Let me tell you, what a relief.

The last year and a half, I've experienced overwhelming, world-view shifting changes. Some are physical - I feel stronger and fitter. Others are mental - I know more that I did last year. A lot of them are intangible, yet bound up with my very being. Facebook does a disservice to our being. It labels it, it regulates it and alters our perception of it. It's not a window into our being. It's a map of it that's barely accurate at the best of times.

Prior to the advent of social media and my own return from the brink of oblivion, I almost wished I could use some kind of benign platform to convince myself that my friends were routinely ignoring me or were acting like sinister villains behind my back. My mind with paranoia's snakes coiled tight around it was convinced - convinced! - that these smiles masked a cruel intent.
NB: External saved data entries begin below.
(* Assume the Standing Setting and let $\theta\in\mathbb{R}^{\mathfrak d}$. Then $\mathcal G(\theta)\in\partial\mathcal L(\theta)$, where $\partial\mathcal L(\theta)$ is the limiting subdifferential of $\mathcal L$ at $\theta$.
   Context: Standing Setting: Let $d,H,\mathfrak d\in\mathbb{N}$ with $\mathfrak d=dH+2H+1$, let $a\in\mathbb{R}$, $b\in(a,\infty)$, $f\in C([a,b]^d,\mathbb{R})$, and let $p\colon[a,b]^d\to[0,\infty)$ be bounded and measurable. Let $\lambda$ be Lebesgue measure on $\mathbb{R}^d$ and $\|\cdot\|$ the Euclidean norm. For $\theta=(\theta_1,\dots,\theta_{\mathfrak d})\in\mathbb{R}^{\mathfrak d}$, $i\in\{1,\dots,H\}$, $j\in\{1,\dots,d\}$ write $w^\theta_{i,j}=\theta_{(i-1)d+j}$, $b^\theta_i=\theta_{Hd+i}$, $v^\theta_i=\theta_{H(d+1)+i}$, $c^\theta=\theta_{\mathfrak d}$. Define $\mathcal N^\theta(x)=c^\theta+\sum_{i=1}^H v^\theta_i\max\{b^\theta_i+\sum_{j=1}^d w^\theta_{i,j}x_j,0\}$ for $x\in\mathbb{R}^d$ and the risk $\mathcal L(\theta)=\int_{[a,b]^d}(f(y)-\mathcal N^\theta(y))^2p(y)\,\lambda(\mathrm{d}y)$. Let $\mathfrak R_r\in C^1(\mathbb{R},\mathbb{R})$, $r\in\mathbb{N}$, satisfy for all $x\in\mathbb{R}$ that $\lim_{r\to\infty}\big(|\mathfrak R_r(x)-\max\{x,0\}|+|(\mathfrak R_r)'(x)-\mathbb 1_{(0,\infty)}(x)|\big)=0$ and $\sup_{r\in\mathbb{N}}\sup_{y\in[-|x|,|x|]}|(\mathfrak R_r)'(y)|<\infty$, and let $\mathfrak L_r(\theta)=\int_{[a,b]^d}\big(f(y)-c^\theta-\sum_{i=1}^H v^\theta_i\,\mathfrak R_r(b^\theta_i+\sum_{j=1}^d w^\theta_{i,j}y_j)\big)^2p(y)\,\lambda(\mathrm{d}y)$. Let $\mathcal G=(\mathcal G_1,\dots,\mathcal G_{\mathfrak d})\colon\mathbb{R}^{\mathfrak d}\to\mathbb{R}^{\mathfrak d}$ satisfy $\mathcal G(\theta)=\lim_{r\to\infty}(\nabla\mathfrak L_r)(\theta)$ for every $\theta$ at which this limit exists. For $\theta\in\mathbb{R}^{\mathfrak d}$, $i\in\{1,\dots,H\}$ let $I_i^\theta=\{x\in[a,b]^d\colon b^\theta_i+\sum_{j=1}^d w^\theta_{i,j}x_j>0\}$ and let $\mathbf D^\theta=\{i\in\{1,\dots,H\}\colon |b^\theta_i|+\sum_{j=1}^d|w^\theta_{i,j}|=0\}$ (the set of degenerate hidden neurons). For $\varepsilon>0$, $B_\varepsilon(\theta)=\{\vartheta\in\mathbb{R}^{\mathfrak d}\colon\|\theta-\vartheta\|<\varepsilon\}$. Subdifferentials: for $n\in\mathbb{N}$, $g\in C(\mathbb{R}^n,\mathbb{R})$, $x\in\mathbb{R}^n$, the (Fréchet) subdifferential is $\hat\partial g(x)=\{y\in\mathbb{R}^n\colon \liminf_{\mathbb{R}^n\setminus\{0\}\ni h\to0}\frac{g(x+h)-g(x)-\langle y,h\rangle}{\|h\|}\ge0\}$, and the limiting subdifferential is $\partial g(x)=\bigcap_{\varepsilon\in(0,\infty)}\overline{\bigcup_{z\in\mathbb{R}^n,\|x-z\|<\varepsilon}\hat\partial g(z)}$ (equivalently, the set of $y$ for which there are $z_k\to x$, $y_k\to y$ with $y_k\in\hat\partial g(z_k)$). *)

theory Defs
  imports "HOL-Analysis.Analysis"
begin

text \<open>Parameter space R^dd with dd = d*H + 2*H + 1, realised (isometrically) as the
  Euclidean space of tuples (W, b, v, c): W the H x d matrix of inner weights,
  b the inner biases, v the outer weights, c the outer bias. Hidden neurons are
  indexed by the finite type 'h (H = CARD('h)), input coordinates by 'd (d = CARD('d)).\<close>

type_synonym ('d, 'h) params = "(real^'d^'h) \<times> (real^'h) \<times> (real^'h) \<times> real"

definition wgt :: "('d::finite, 'h::finite) params \<Rightarrow> 'h \<Rightarrow> 'd \<Rightarrow> real" where
  "wgt \<theta> i j = (fst \<theta>) $ i $ j"

definition bias :: "('d::finite, 'h::finite) params \<Rightarrow> 'h \<Rightarrow> real" where
  "bias \<theta> i = (fst (snd \<theta>)) $ i"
Maybe they did. More rationally and overall, likely, they most probably didn't. Sure, by the time I'd reached the end of my tether with this colloquial monstrosity, I'd noticed a pattern had emerged when I'd made a post. Only about 10 or 15 "friends" seemed even remotely interested in what I'd had to say. Sure, I'd made some new contacts along the way but I'd also made some "indifferents." I was "hidden" from view by everyone else - or so it seemed.
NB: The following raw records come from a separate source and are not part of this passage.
(* Let $P\ge 2$ be an integer. Let $\omega_1,\dots,\omega_P$ be pairwise distinct nonzero real numbers, let $\beta_1,\dots,\beta_P$ be nonzero real numbers, and let $\kappa_1,\dots,\kappa_P$ be pairwise distinct nonzero real numbers such that $1-\kappa_i\omega_j\neq 0$ for all $i,j\in\{1,\dots,P\}$. (a) Let $A=(a_{ij})_{i,j=1}^{P}$ with $a_{ij}=\dfrac{\kappa_i\beta_j}{1-\kappa_i\omega_j}$. Then $A$ is invertible and $A^{-1}=(\tilde a_{ij})_{i,j=1}^P$ with $$\tilde a_{ij}=\frac{1-\kappa_j\omega_i}{\beta_i\,\kappa_j}\;\prod_{\substack{k=1\\k\neq j}}^{P}\frac{1-\kappa_k\omega_i}{\kappa_k-\kappa_j}\;\prod_{\substack{l=1\\l\neq i}}^{P}\frac{1-\kappa_j\omega_l}{\omega_l-\omega_i}.$$ (b) Let $B=(b_{ij})_{i,j=1}^{P-1}$ with $b_{ij}=\dfrac{1-\omega_j/\omega_P}{1-\kappa_i\omega_j}$. Then $B$ is invertible and $B^{-1}=(\tilde b_{ij})_{i,j=1}^{P-1}$ with $$\tilde b_{ij}=\frac{\omega_P\,(1-\kappa_j\omega_i)}{1-\kappa_j\omega_P}\;\prod_{\substack{k=1\\k\neq j}}^{P-1}\frac{1-\kappa_k\omega_i}{\kappa_k-\kappa_j}\;\prod_{\substack{l=1\\l\neq i}}^{P}\frac{1-\kappa_j\omega_l}{\omega_l-\omega_i}.$$
   Context: In the paper, $\omega_i$ are the weights of a $P$-level Scheduled Relaxation Jacobi scheme, $\beta_i$ their relative frequencies, $\kappa_1,\dots,\kappa_{P-1}$ the interior local maxima of the per-iteration amplification factor and $\kappa_P$ is set equal to the upper endpoint $\kappa_M=2$. In products, each factor appears once unless it depends on the product index. *)

theory Defs
  imports "Jordan_Normal_Form.Matrix"
begin

(* Indices are 0-based: the paper's index i \<in> {1..P} corresponds to i-1 \<in> {0..<P}.
   In particular the paper's \<omega>_P is \<omega> (P-1). *)

definition SRJ_A :: "nat \<Rightarrow> (nat \<Rightarrow> real) \<Rightarrow> (nat \<Rightarrow> real) \<Rightarrow> (nat \<Rightarrow> real) \<Rightarrow> real mat" where
  "SRJ_A P \<omega> \<beta> \<kappa> = mat P P (\<lambda>(i,j). \<kappa> i * \<beta> j / (1 - \<kappa> i * \<omega> j))"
But then I figured that my fatigue with Facebook stemmed from viewing an overabundance of useless and intellectually void information about people I barely knew. Yet, the otherness lay in myself: I made little to no effort to get to know the people - the real people behind the "book" obscuring their "faces" - and at that instant, there was clarity as I emerged from beyond the murk: I was out of integrity with my use of Facebook. It was all bullshit, man.

The last year I've made many lasting friendships. Brotherhoods indissoluble, loves everlasting. But they weren't made over Facebook. They were forged as sunlight beat down on our faces, as tears streaked down our cheeks, as frost billowed through the cadence of our breaths. Friends are made and re-made over cheap meals and cheaper laughs in second-rate cafes. Facebook, the great concealer of real, open and visceral humanity didn't let seeds of camaraderie take root and flourish; it kept them in stasis until someone decided to let it expire.

So I got rid of it. I was bullshitting myself if I chose to keep my interactive dossier of half-truths up and running. I'm not even remotely concerned that it's a great "tool" for promoting my journalism work or services as a consultant. I get enough rejection e-mails from editors and managers in my good old fashioned email inbox, thank you very much.

My once enthusiastic adoration for Twitter has all but evaporated too. The only "social medium" (although that's a contestable term) I'm rather enjoying is Tumblr - it's like running one's own pop-culture museum. There's a certain joy in stealing from others' small collections and discoveries to curate in one's own permanent exhibition. It's superficial, that's a given. But it's artifice does not purport to foster "friendships" in the physical sense. Online community, yes. "A place for your friends," not so much.

Will I miss it? I'm not suffering from any measure of withdrawal. But like the aims of my (numerous) social media moratoriums, the payoff is in rising to challenge of relying on it no longer. If I want to know what's going on with my social circles, I'll have to talk to someone and engage in a real conversation to find out. If I'm forgotten by fair-weather friends, then so what? I know who my brothers and sisters are on this magnificent journey. I'll love and support them as long as I'm able. In kind, they will support me, too.

So I give praise to Facebook precisely as I bury it (with the cumulative personal information I've fed it over the years clutched firmly in its cold, dead hands.) You've opened my eyes to see where my real friends truly are.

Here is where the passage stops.